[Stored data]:
___

(* Assume $R\neq0$. Then: (1) every $\nu_{(w,e)}$ with $w=\sum_n r_nx^n\in W_1$ satisfying $\sum_n r_n=1$ is a right unit of $T_e$; in particular $T_e$ has more than one right unit; (2) every minimal prime ideal $I\neq T_e$ of $End_1$ has at most one right unit. Consequently, $T_e$ is the unique minimal prime ideal of $End_1$ having more than one right unit.
   Context: $R$ is a commutative associative ring with unit. A group representation $(A,G,\cdot)$ is an $R$-module $A$ with a right action of the group $G$ by $R$-module automorphisms; homomorphisms are pairs $(\mu^{(1)},\mu^{(2)})$ ($R$-linear map, group homomorphism) with $\mu^{(1)}(a\cdot g)=\mu^{(1)}(a)\bullet\mu^{(2)}(g)$. $F_1=\langle x\rangle$ is infinite cyclic with identity $e$, and $W_1=RF_1$ is the group algebra on which $F_1$ acts by right multiplication. $End_1$ is the monoid of endomorphisms of $(W_1,F_1)$. $\nu_{(w,g)}$ denotes the endomorphism with $1\mapsto w$ and $x\mapsto g$, and $T_e=\{\nu_{(w,e)}:w\in W_1\}$. Ideals of a monoid $M$ are subsets $I$ with $MI\cup IM\subseteq I$; $I$ is prime if $ab\in I$ implies $a\in I$ or $b\in I$. A right unit of $I$ is $u\in I$ with $\nu\circ u=\nu$ for all $\nu\in I$. *)

theory Defs
  imports Main "HOL-Library.Poly_Mapping"
begin

text \<open>F_1 is represented additively by int: the exponent n stands for x^n,
  so the generator x is 1 and the identity e is 0.  W_1 is the group ring
  of finitely supported functions with convolution product).\<close>

type_synonym 'r W1 = "int \<Rightarrow>\<^sub>0 'r"

definition xpow :: "int \<Rightarrow> 'r::comm_ring_1 W1" where
  "xpow n = Poly_Mapping.single n 1"

definition act :: "'r::comm_ring_1 W1 \<Rightarrow> int \<Rightarrow> 'r W1" where
  "act a g = a * xpow g"

definition smul :: "'r::comm_ring_1 \<Rightarrow> 'r W1 \<Rightarrow> 'r W1" where
  "smul r a = Poly_Mapping.map (\<lambda>c. r * c) a"

definition R_linear :: "('r::comm_ring_1 W1 \<Rightarrow> 'r W1) \<Rightarrow> bool" where
  "R_linear f \<longleftrightarrow> (\<forall>a b. f (a + b) = f a + f b) \<and> (\<forall>r a. f (smul r a) = smul r (f a))"

definition group_hom_F1 :: "(int \<Rightarrow> int) \<Rightarrow> bool" where
  "group_hom_F1 h \<longleftrightarrow> (\<forall>g g'. h (g + g') = h g + h g')"

type_synonym 'r endo = "('r W1 \<Rightarrow> 'r W1) \<times> (int \<Rightarrow> int)"

definition End1 :: "'r::comm_ring_1 endo set" where
  "End1 = {(m1, m2). R_linear m1 \<and> group_hom_F1 m2 \<and>
             (\<forall>a g. m1 (act a g) = act (m1 a) (m2 g))}"

definition ecomp :: "'r endo \<Rightarrow> 'r endo \<Rightarrow> 'r endo" where
  "ecomp u v = (fst u \<circ> fst v, snd u \<circ> snd v)"

definition nu :: "'r::comm_ring_1 W1 \<Rightarrow> int \<Rightarrow> 'r endo" where
  "nu w g = (THE u. u \<in> End1 \<and> fst u 1 = w \<and> snd u 1 = g)"

definition T_e :: "'r::comm_ring_1 endo set" where
  "T_e = {nu w 0 | w. True}"

definition is_ideal :: "'r::comm_ring_1 endo set \<Rightarrow> bool" where
  "is_ideal I \<longleftrightarrow> I \<noteq> {} \<and> I \<subseteq> End1 \<and>
     (\<forall>m\<in>End1. \<forall>i\<in>I. ecomp m i \<in> I \<and> ecomp i m \<in> I)"

definition is_prime_ideal :: "'r::comm_ring_1 endo set \<Rightarrow> bool" where
  "is_prime_ideal I \<longleftrightarrow> is_ideal I \<and> I \<noteq> End1 \<and>
     (\<forall>a\<in>End1. \<forall>b\<in>End1. ecomp a b \<in> I \<longrightarrow> a \<in> I \<or> b \<in> I)"

definition is_minimal_prime_ideal :: "'r::comm_ring_1 endo set \<Rightarrow> bool" where
  "is_minimal_prime_ideal I \<longleftrightarrow> is_prime_ideal I \<and>
     (\<forall>J. is_prime_ideal J \<and> J \<subseteq> I \<longrightarrow> J = I)"

definition is_right_unit :: "'r endo \<Rightarrow> 'r endo set \<Rightarrow> bool" where
  "is_right_unit u I \<longleftrightarrow> u \<in> I \<and> (\<forall>v\<in>I. ecomp v u = v)"

definition coeff_sum :: "'r::comm_ring_1 W1 \<Rightarrow> 'r" where
  "coeff_sum w = (\<Sum>n\<in>Poly_Mapping.keys w. Poly_Mapping.lookup w n)"

end

theory Submission
  imports Defs
begin

text \<open>An endomorphism of \<open>(W\<^sub>1, F\<^sub>1)\<close> is determined by the image \<open>w\<close> of \<open>1\<close> and
  the exponent \<open>k\<close> of the image of \<open>x\<close>: it is \<open>\<nu>(w, x^k) : a(x) \<mapsto> w \<cdot> a(x^k)\<close>, and
  \<open>\<nu>(w, x^k) \<circ> \<nu>(w', x^k') = \<nu>(w \<cdot> w'(x^k), x^(k k'))\<close>.  So \<open>T\<^sub>e = {k = 0}\<close> is prime,
  as \<open>k k' = 0\<close> forces a factor into \<open>T\<^sub>e\<close>, and it is minimal: a prime \<open>J \<subseteq> T\<^sub>e\<close>
  contains some \<open>\<nu>(w, e) = \<nu>(w, x) \<circ> \<nu>(1, e)\<close> with \<open>\<nu>(w, x) \<notin> J\<close>, hence \<open>\<nu>(1, e)\<close>,
  and then every \<open>\<nu>(v, e) = \<nu>(v, e) \<circ> \<nu>(1, e)\<close>.  On \<open>T\<^sub>e\<close> the product is
  \<open>\<nu>(v, e) \<circ> \<nu>(w, e) = \<nu>(v \<cdot> \<Sigma>\<^sub>n r\<^sub>n, e)\<close> for \<open>w = \<Sigma>\<^sub>n r\<^sub>n x^n\<close>, so every \<open>w\<close> with
  coefficient sum 1 (e.g. \<open>1\<close> and \<open>x\<close>) gives a right unit.  Conversely, two right units
  \<open>\<nu>(w, x^k)\<close>, \<open>\<nu>(w', x^k')\<close> of an ideal have \<open>k = k' = k\<^sup>2\<close>.  If \<open>k = 1\<close> then
  \<open>w w' = w\<close> and \<open>w' w = w'\<close>, so they coincide; if \<open>k = 0\<close> the ideal lies in \<open>T\<^sub>e\<close>,
  so a prime ideal with two right units is \<open>T\<^sub>e\<close> by minimality.\<close>

lemma poly_mapping_single_induct [case_names zero add single]:
  assumes "P 0"
    and "\<And>a b. P a \<Longrightarrow> P b \<Longrightarrow> P (a + b)"
    and "\<And>n c. P (Poly_Mapping.single n c)"
  shows "P a"
proof (induct a rule: update_induct)
  case (update f n c)
  then have "Poly_Mapping.update n c f = f + Poly_Mapping.single n c"
    by (intro poly_mapping_eqI)
      (auto simp: lookup_update lookup_add lookup_single in_keys_iff when_def)
  with update assms show ?case by metis
qed (use assms in simp)

lemma single_sum: "Poly_Mapping.single k (sum f S) = (\<Sum>x\<in>S. Poly_Mapping.single k (f x))"
  by (induct S rule: infinite_finite_induct) (simp_all add: single_add)

definition subst_xpow :: "int \<Rightarrow> 'r::comm_ring_1 W1 \<Rightarrow> 'r W1" where
  "subst_xpow k a =
     (\<Sum>n\<in>Poly_Mapping.keys a. Poly_Mapping.single (k * n) (Poly_Mapping.lookup a n))"

lemma subst_xpow_conv_sum:
  assumes "finite S" "Poly_Mapping.keys a \<subseteq> S"
  shows "subst_xpow k a = (\<Sum>n\<in>S. Poly_Mapping.single (k * n) (Poly_Mapping.lookup a n))"
  unfolding subst_xpow_def
  by (rule sum.mono_neutral_left) (use assms in \<open>auto simp: in_keys_iff\<close>)

lemma subst_xpow_add: "subst_xpow k (a + b) = subst_xpow k a + subst_xpow k b"
proof -
  let ?S = "Poly_Mapping.keys a \<union> Poly_Mapping.keys b"
  have "subst_xpow k (a + b) =
      (\<Sum>n\<in>?S. Poly_Mapping.single (k * n) (Poly_Mapping.lookup (a + b) n))"
    by (rule subst_xpow_conv_sum) (simp_all add: keys_add)
  also have "\<dots> = (\<Sum>n\<in>?S. Poly_Mapping.single (k * n) (Poly_Mapping.lookup a n))
      + (\<Sum>n\<in>?S. Poly_Mapping.single (k * n) (Poly_Mapping.lookup b n))"
    by (simp add: lookup_add single_add sum.distrib)
  also have "\<dots> = subst_xpow k a + subst_xpow k b"
    using subst_xpow_conv_sum[of ?S a k] subst_xpow_conv_sum[of ?S b k] by simp
  finally show ?thesis .
qed

lemma subst_xpow_single [simp]:
  "subst_xpow k (Poly_Mapping.single n c) = Poly_Mapping.single (k * n) c"
  by (subst subst_xpow_conv_sum[of "{n}"]) simp_all

lemma subst_xpow_zero [simp]: "subst_xpow k 0 = 0"
  by (simp add: subst_xpow_def)

lemma subst_xpow_one [simp]: "subst_xpow k 1 = 1"
  using subst_xpow_single[of k 0 1] by simp

lemma subst_xpow_1 [simp]: "subst_xpow 1 a = a"
  by (induct a rule: poly_mapping_single_induct) (simp_all add: subst_xpow_add)

lemma subst_xpow_0: "subst_xpow 0 a = Poly_Mapping.single 0 (coeff_sum a)"
  by (simp add: subst_xpow_def coeff_sum_def single_sum)

lemma subst_xpow_mult_const:
  "subst_xpow k (Poly_Mapping.single 0 r * a) = Poly_Mapping.single 0 r * subst_xpow k a"
  by (induct a rule: poly_mapping_single_induct)
    (simp_all add: subst_xpow_add distrib_left mult_single)

lemma subst_xpow_mult_xpow: "subst_xpow k (a * xpow g) = subst_xpow k a * xpow (k * g)"
  by (induct a rule: poly_mapping_single_induct)
    (simp_all add: xpow_def subst_xpow_add distrib_right mult_single algebra_simps)

lemma smul_eq_mult_single: "smul r a = Poly_Mapping.single 0 r * a"
  by (simp add: smul_def mult_map_scale_conv_mult)

lemma group_hom_F1_eq_mult:
  assumes "group_hom_F1 h"
  shows "h g = h 1 * g"
proof -
  have h_add: "h (a + b) = h a + h b" for a b
    using assms by (simp add: group_hom_F1_def)
  show ?thesis
  proof (induct g rule: int_induct[where k = 0])
    case base
    show ?case using h_add[of 0 0] by simp
  next
    case (step1 i)
    then show ?case using h_add[of i 1] by (simp add: algebra_simps)
  next
    case (step2 i)
    then show ?case using h_add[of "i - 1" 1] by (simp add: algebra_simps)
  qed
qed

lemma End1_fst_eq:
  assumes "(m1, m2) \<in> End1"
  shows "m1 a = m1 1 * subst_xpow (m2 1) a"
proof -
  have lin: "R_linear m1" and hom: "group_hom_F1 m2"
    and equiv: "\<And>a g. m1 (act a g) = act (m1 a) (m2 g)"
    using assms by (auto simp: End1_def)
  have m1_add: "m1 (a + b) = m1 a + m1 b" for a b
    using lin by (simp add: R_linear_def)
  show ?thesis
  proof (induct a rule: poly_mapping_single_induct)
    case zero
    show ?case using m1_add[of 0 0] by simp
  next
    case (add a b)
    then show ?case by (simp add: m1_add subst_xpow_add distrib_left)
  next
    case (single n c)
    have "Poly_Mapping.single n c = smul c (act 1 n)"
      by (simp add: smul_eq_mult_single act_def xpow_def mult_single)
    then have "m1 (Poly_Mapping.single n c) = smul c (act (m1 1) (m2 n))"
      using lin by (simp add: R_linear_def equiv)
    also have "\<dots> = m1 1 * (Poly_Mapping.single 0 c * Poly_Mapping.single (m2 1 * n) 1)"
      by (simp add: smul_eq_mult_single act_def xpow_def group_hom_F1_eq_mult[OF hom, of n]
          mult.left_commute)
    also have "\<dots> = m1 1 * subst_xpow (m2 1) (Poly_Mapping.single n c)"
      by (simp add: mult_single)
    finally show ?case .
  qed
qed

definition mk_endo :: "'r::comm_ring_1 W1 \<Rightarrow> int \<Rightarrow> 'r endo" where
  "mk_endo w k = (\<lambda>a. w * subst_xpow k a, \<lambda>g. k * g)"

lemma mk_endo_in_End1: "mk_endo w k \<in> End1"
proof -
  have "w * subst_xpow k (Poly_Mapping.single 0 r * a) = Poly_Mapping.single 0 r * (w * subst_xpow k a)"
    for r a
    by (simp add: subst_xpow_mult_const mult.left_commute)
  moreover have "w * subst_xpow k (a * xpow g) = w * subst_xpow k a * xpow (k * g)" for a g
    by (simp add: subst_xpow_mult_xpow mult.assoc)
  ultimately show ?thesis
    unfolding End1_def mk_endo_def R_linear_def group_hom_F1_def act_def smul_eq_mult_single
    by (auto simp: subst_xpow_add distrib_left distrib_right)
qed

lemma End1_eq_mk_endo:
  assumes "u \<in> End1"
  shows "u = mk_endo (fst u 1) (snd u 1)"
proof -
  obtain m1 m2 where u: "u = (m1, m2)"
    by force
  have "m1 = (\<lambda>a. m1 1 * subst_xpow (m2 1) a)"
    using End1_fst_eq assms u by blast
  moreover have "m2 = (\<lambda>g. m2 1 * g)"
    using assms u group_hom_F1_eq_mult by (fastforce simp: End1_def)
  ultimately show ?thesis
    by (simp add: u mk_endo_def)
qed

lemma nu_eq_mk_endo: "nu w k = mk_endo w k"
  unfolding nu_def
proof (rule the_equality)
  show "mk_endo w k \<in> End1 \<and> fst (mk_endo w k) 1 = w \<and> snd (mk_endo w k) 1 = k"
    by (simp add: mk_endo_in_End1) (simp add: mk_endo_def)
qed (use End1_eq_mk_endo in metis)

lemma nu_in_End1: "nu w k \<in> End1"
  by (simp add: nu_eq_mk_endo mk_endo_in_End1)

lemma End1_eq_nu: "u \<in> End1 \<Longrightarrow> u = nu (fst u 1) (snd u 1)"
  by (simp add: nu_eq_mk_endo flip: End1_eq_mk_endo)

lemma End1_obtain_nu:
  assumes "u \<in> End1"
  obtains w k where "u = nu w k"
  using End1_eq_nu[OF assms] by blast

___

[Work to be completed]: Reproduce the lines of the entries above from the one with "obtain m1 m2" to the one with "End1 \<Longrightarrow> u", both included, exactly and without any other line.

[Worked solution]:
  obtain m1 m2 where u: "u = (m1, m2)"
    by force
  have "m1 = (\<lambda>a. m1 1 * subst_xpow (m2 1) a)"
    using End1_fst_eq assms u by blast
  moreover have "m2 = (\<lambda>g. m2 1 * g)"
    using assms u group_hom_F1_eq_mult by (fastforce simp: End1_def)
  ultimately show ?thesis
    by (simp add: u mk_endo_def)
qed

lemma nu_eq_mk_endo: "nu w k = mk_endo w k"
  unfolding nu_def
proof (rule the_equality)
  show "mk_endo w k \<in> End1 \<and> fst (mk_endo w k) 1 = w \<and> snd (mk_endo w k) 1 = k"
    by (simp add: mk_endo_in_End1) (simp add: mk_endo_def)
qed (use End1_eq_mk_endo in metis)

lemma nu_in_End1: "nu w k \<in> End1"
  by (simp add: nu_eq_mk_endo mk_endo_in_End1)

lemma End1_eq_nu: "u \<in> End1 \<Longrightarrow> u = nu (fst u 1) (snd u 1)"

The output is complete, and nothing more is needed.